# Mountain Goat Ale (Barleywine)



## Elmer (Jul 16, 2017)

4.5 gallon
6 gallon boil
Mash 150 90 min

8# 2 row
3/4# special B
1/2# crystal 20L (brew shop out of honey malt)
3# dme 

1.25 oz chinook 60 mi
.70 oz Perle 15 min
1.5 oz williamette flameout

S-05 Yeast (3 packs)


I intend to age this atleast 5-6 months.

1.080 SG
Est 69 ibu


----------



## ceeaton (Jul 20, 2017)

Elmer said:


> I intend to age this atleast 5-6 months.
> 
> 1.080 SG
> Est 69 ibu



Elmer, that looks really good. I love all three of those hops you used (especially the chinook for bittering). Leave a six pack or so for at least a year and you'll thank me for it later, I've done a similar batch and it really evolved over the year as it aged. I try and make them in January so I can ring in the next new year with a few. Unfortunately I didn't this year.


----------



## Elmer (Jul 20, 2017)

ceeaton said:


> Elmer, that looks really good. I love all three of those hops you used (especially the chinook for bittering). Leave a six pack or so for at least a year and you'll thank me for it later, I've done a similar batch and it really evolved over the year as it aged. I try and make them in January so I can ring in the next new year with a few. Unfortunately I didn't this year.

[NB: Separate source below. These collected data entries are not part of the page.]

lemma (in sigma_finite_subalgebra) AE_eq_cond_exp_if_risk_minimal:
  assumes [measurable]: "Y \<in> borel_measurable M"
    and Y1: "integrable M Y" and Y2: "integrable M (\<lambda>x. (Y x)\<^sup>2)"
    and [measurable]: "Z \<in> borel_measurable F"
    and Z_eq: "AE x in M. Z x = real_cond_exp M F Y x"
    and [measurable]: "W \<in> borel_measurable F" "\<And>n. V n \<in> borel_measurable F"
    and V2: "\<And>n. integrable M (\<lambda>x. (V n x)\<^sup>2)"
    and V_lim: "(\<lambda>n. \<integral>x. (Z x - V n x)\<^sup>2 \<partial>M) \<longlonglongrightarrow> 0"
    and risk_le: "\<And>n. (\<integral>\<^sup>+x. ennreal ((Y x - W x)\<^sup>2) \<partial>M)
                      \<le> (\<integral>\<^sup>+x. ennreal ((Y x - V n x)\<^sup>2) \<partial>M)"
  shows "AE x in M. W x = Z x"
proof -
  have ZM[measurable]: "Z \<in> borel_measurable M" and WM[measurable]: "W \<in> borel_measurable M"
    and VM[measurable]: "\<And>n. V n \<in> borel_measurable M"
    by (auto intro: measurable_from_subalg[OF subalg])
  define c where "c = (\<integral>x. (Y x - Z x)\<^sup>2 \<partial>M)"
  define \<delta> where "\<delta> n = (\<integral>x. (Z x - V n x)\<^sup>2 \<partial>M)" for n
  have risk_V: "(\<integral>\<^sup>+x. ennreal ((Y x - V n x)\<^sup>2) \<partial>M) = ennreal (c + \<delta> n)" for n
    using integral_square_diff_cond_exp[OF _ Y1 Y2 _ Z_eq _ V2] square_integrable_diff[OF _ _ Y2 V2]
    by (simp add: nn_integral_square_eq_integral c_def \<delta>_def)
  have "integrable M (\<lambda>x. (Y x - W x)\<^sup>2)"
  proof (rule integrableI_bounded)
    show "(\<integral>\<^sup>+x. ennreal (norm ((Y x - W x)\<^sup>2)) \<partial>M) < \<infinity>"
      using risk_le[of 0] by (simp add: risk_V order_le_less_trans)
  qed measurable
  from square_integrable_diff[OF _ _ Y2 this]
  have W2: "integrable M (\<lambda>x. (W x)\<^sup>2)" by simp
  have ZW2: "integrable M (\<lambda>x. (Z x - W x)\<^sup>2)"
    using square_integrable_diff[OF ZM WM square_integrable_cond_exp[OF Y1 Y2 ZM Z_eq] W2] .
  have "(\<integral>x. (Z x - W x)\<^sup>2 \<partial>M) \<le> \<delta> n" for n
  proof -
    have "ennreal (c + (\<integral>x. (Z x - W x)\<^sup>2 \<partial>M)) \<le> ennreal (c + \<delta> n)"
      using risk_le[of n] integral_square_diff_cond_exp[OF _ Y1 Y2 _ Z_eq _ W2]
        square_integrable_diff[OF _ _ Y2 W2]
      by (simp add: nn_integral_square_eq_integral risk_V c_def)
    moreover have "0 \<le> c + \<delta> n" by (simp add: c_def \<delta>_def)
    ultimately show ?thesis by (simp add: ennreal_le_iff)
  qed
  then have "(\<integral>x. (Z x - W x)\<^sup>2 \<partial>M) \<le> 0"
    using LIMSEQ_le_const[OF V_lim[folded \<delta>_def]] by blast
  then have "(\<integral>x. (Z x - W x)\<^sup>2 \<partial>M) = 0"
    by (simp add: order.antisym)
  then have "AE x in M. (Z x - W x)\<^sup>2 = 0"
    using ZW2 by (simp add: integral_nonneg_eq_0_iff_AE)
  then show ?thesis by eventually_elim simp
qed

lemma tendsto_integral_square_truncation:
  fixes Z :: "'w \<Rightarrow> real"
  assumes [measurable]: "Z \<in> borel_measurable M" and "integrable M (\<lambda>x. (Z x)\<^sup>2)"
  shows "(\<lambda>n. \<integral>x. (Z x - max (- real n) (min (real n) (Z x)))\<^sup>2 \<partial>M) \<longlonglongrightarrow> 0"
proof -
  have "(\<lambda>n. \<integral>x. (Z x - max (- real n) (min (real n) (Z x)))\<^sup>2 \<partial>M) \<longlonglongrightarrow> (\<integral>x. 0 \<partial>M)"
  proof (rule integral_dominated_convergence[where w="\<lambda>x. (Z x)\<^sup>2"])
    have "\<forall>\<^sub>F n in sequentially. (Z x - max (- real n) (min (real n) (Z x)))\<^sup>2 = 0" for x
      unfolding eventually_sequentially
    proof (intro exI allI impI)
      fix n assume "nat \<lceil>\<bar>Z x\<bar>\<rceil> \<le> n"
      then have "\<bar>Z x\<bar> \<le> real n" by linarith
      then show "(Z x - max (- real n) (min (real n) (Z x)))\<^sup>2 = 0" by auto
    qed
    then show "AE x in M. (\<lambda>n. (Z x - max (- real n) (min (real n) (Z x)))\<^sup>2) \<longlonglongrightarrow> 0"
      by (intro AE_I2 tendsto_eventually)
    show "AE x in M. norm ((Z x - max (- real n) (min (real n) (Z x)))\<^sup>2) \<le> (Z x)\<^sup>2" for n
      by (intro AE_I2) (auto simp: abs_le_square_iff[symmetric])
  qed (use assms in auto)
  then show ?thesis by simp
qed

lemma square_integrable_truncation:
  fixes Z :: "'w \<Rightarrow> real"
  assumes [measurable]: "Z \<in> borel_measurable M" and "integrable M (\<lambda>x. (Z x)\<^sup>2)"
  shows "integrable M (\<lambda>x. (max (- real n) (min (real n) (Z x)))\<^sup>2)"
proof (rule Bochner_Integration.integrable_bound[OF assms(2)])
  show "AE x in M. norm ((max (- real n) (min (real n) (Z x)))\<^sup>2) \<le> norm ((Z x)\<^sup>2)"
    by (intro AE_I2) (auto simp: abs_le_square_iff[symmetric])
qed measurable

lemma mono_factor_through_strict_mono:
  fixes h :: "'a::linorder \<Rightarrow> 'b::linorder" and \<phi> :: "'a \<Rightarrow> 'c::conditionally_complete_linorder"
  assumes h: "strict_mono h" and "mono \<phi>" and "bdd_below (range \<phi>)" "bdd_above (range \<phi>)"
  shows "\<exists>f. mono f \<and> (\<forall>s. f (h s) = \<phi> s)"
proof -
  obtain b where b: "\<And>s. b \<le> \<phi> s"
    using \<open>bdd_below (range \<phi>)\<close> by (auto simp: bdd_below_def)
  obtain B where B: "\<And>s. \<phi> s \<le> B"
    using \<open>bdd_above (range \<phi>)\<close> by (auto simp: bdd_above_def)
  define f where "f t = Sup (insert b {\<phi> s | s. h s \<le> t})" for t
  have "mono f"
  proof (rule monoI)
    fix t t' :: 'b assume "t \<le> t'"
    have "bdd_above (insert b {\<phi> s | s. h s \<le> t'})"
      using b B by (intro bdd_aboveI[where M=B]) (auto intro: order.trans)
    then show "f t \<le> f t'"
      unfolding f_def using \<open>t \<le> t'\<close> by (intro cSup_subset_mono) auto
  qed
  moreover have "f (h s) = \<phi> s" for s
    unfolding f_def
  proof (rule cSup_eq_maximum)
    show "\<phi> s \<in> insert b {\<phi> s' | s'. h s' \<le> h s}" by auto
    fix y assume "y \<in> insert b {\<phi> s' | s'. h s' \<le> h s}"
    then show "y \<le> \<phi> s"
      using b strict_mono_less_eq[OF h] monoD[OF \<open>mono \<phi>\<close>] by auto
  qed
  ultimately show ?thesis by blast
qed

lemma (in finite_measure) sigma_finite_subalgebra_vimage_algebra:
  assumes "X \<in> measurable M N"
  shows "sigma_finite_subalgebra M (vimage_algebra (space M) X N)"
proof (rule finite_measure_subalgebra_is_sigma_finite)
  have "subalgebra M (vimage_algebra (space M) X N)"
    using assms measurable_iff_sets[of X M N] by (auto simp: subalgebra_def)
  then show "finite_measure_subalgebra M (vimage_algebra (space M) X N)"
    by (simp add: finite_measure_subalgebra_def finite_measure_subalgebra_axioms_def
        finite_measure_axioms)
qed

theorem theorem3:
  fixes M :: "'w measure" and N :: "'a measure"
    and X :: "'w \<Rightarrow> 'a" and Y :: "'w \<Rightarrow> real"
    and m :: "'a \<Rightarrow> real" and g :: "'a \<Rightarrow> real"
    and h :: "real \<Rightarrow> real" and fstar :: "real \<Rightarrow> real"
  assumes "prob_space M"
    and "X \<in> measurable M N"
    and "Y \<in> borel_measurable M"
    and "integrable M (\<lambda>\<omega>. (Y \<omega>)\<^sup>2)"
    and "m \<in> borel_measurable N"
    and "AE \<omega> in M. m (X \<omega>) = real_cond_exp M (vimage_algebra (space M) X N) Y \<omega>"
    and "strict_mono h"
    and "\<And>x. g x = h (m x)"
    and "mono fstar"
    and "\<And>f::real \<Rightarrow> real. mono f \<Longrightarrow>
           (\<integral>\<^sup>+\<omega>. ennreal ((Y \<omega> - fstar (g (X \<omega>)))\<^sup>2) \<partial>M)
           \<le> (\<integral>\<^sup>+\<omega>. ennreal ((Y \<omega> - f (g (X \<omega>)))\<^sup>2) \<partial>M)"
  shows "AE \<omega> in M. fstar (g (X \<omega>)) = m (X \<omega>)"
proof -
  interpret prob_space M by fact
  define F where "F = vimage_algebra (space M) X N"
  interpret S: sigma_finite_subalgebra M F
    unfolding F_def by (rule sigma_finite_subalgebra_vimage_algebra[OF assms(2)])
  have [measurable]: "X \<in> measurable F N"
    unfolding F_def using assms(2) by (intro measurable_vimage_algebra1) (auto dest: measurable_space)
  have [measurable]: "X \<in> measurable M N" "m \<in> borel_measurable N" "Y \<in> borel_measurable M"
    "fstar \<in> borel_measurable borel" "h \<in> borel_measurable borel"
    using assms(2,3,5,7,9) by (auto intro: borel_measurable_mono strict_mono_mono)
  have "g = (\<lambda>x. h (m x))" using assms(8) by blast
  then have [measurable]: "g \<in> borel_measurable N" by simp
  have Y1: "integrable M Y" by (rule square_integrable_imp_integrable[OF assms(3,4)])
  have Z_eq: "AE \<omega> in M. m (X \<omega>) = real_cond_exp M F Y \<omega>"
    using assms(6) unfolding F_def .
  have "\<exists>f. mono f \<and> (\<forall>s. f (h s) = max (- real n) (min (real n) s))" for n
    by (rule mono_factor_through_strict_mono[OF assms(7)])
       (auto simp: mono_def intro!: bdd_belowI[where m="- real n"] bdd_aboveI[where M="real n"])
  then obtain f where f_mono: "\<And>n. mono (f n)"
    and f_h: "\<And>n s. f n (h s) = max (- real n) (min (real n) s)"
    by metis
  have Z2: "integrable M (\<lambda>\<omega>. (m (X \<omega>))\<^sup>2)"
    by (rule S.square_integrable_cond_exp[OF Y1 assms(4) _ Z_eq]) measurable
  show ?thesis
  proof (rule S.AE_eq_cond_exp_if_risk_minimal[OF _ Y1 assms(4) _ Z_eq])
    show "(\<lambda>n. \<integral>\<omega>. (m (X \<omega>) - max (- real n) (min (real n) (m (X \<omega>))))\<^sup>2 \<partial>M) \<longlonglongrightarrow> 0"
      by (rule tendsto_integral_square_truncation[OF _ Z2]) measurable
    show "integrable M (\<lambda>\<omega>. (max (- real n) (min (real n) (m (X \<omega>))))\<^sup>2)" for n
      by (rule square_integrable_truncation[OF _ Z2]) measurable
    show "(\<integral>\<^sup>+\<omega>. ennreal ((Y \<omega> - fstar (g (X \<omega>)))\<^sup>2) \<partial>M)
        \<le> (\<integral>\<^sup>+\<omega>. ennreal ((Y \<omega> - max (- real n) (min (real n) (m (X \<omega>))))\<^sup>2) \<partial>M)" for n
      using assms(10)[OF f_mono[of n]] by (simp add: assms(8) f_h)
  qed measurable
qed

I intended on making a small batch and aging 1/2 until the end of the year and the rest for the year after.

I also intended to have 11% abv , however my efficiency was lousy and will end up with 8%, hopefully .


----------



## Elmer (Aug 12, 2017)

Racking in prep for bottling

It is malty, hoppy & sweet!


----------



## ceeaton (Aug 30, 2017)

Elmer said:


> Racking in prep for bottling
> It is malty, hoppy & sweet!



Have you sampled a bottle yet? How's it coming along?


----------



## Elmer (Sep 9, 2017)

ceeaton said:


> Have you sampled a bottle yet? How's it coming along?





Wish for a touch more carbonation.

So far- very big bitterness, touch of sweetness.
Not a bad big beer.
Can't wait to sample in the cold weather.
Can't wait to sample in a year.


----------



## ceeaton (Oct 27, 2017)

Elmer said:


> Wish for a touch more carbonation.
> 
> So far- very big bitterness, touch of sweetness.
> Not a bad big beer.
> ...



Elmer? Try one lately? It's getting colder, you can spare a bottle...How's the carbonation, I'm assuming a bit better.


----------



## Elmer (Sep 17, 2018)

a year later, it has smoothed out.
Time has allowed to its thinness to show through. Next time will add some body.
Still very drinkable.


----------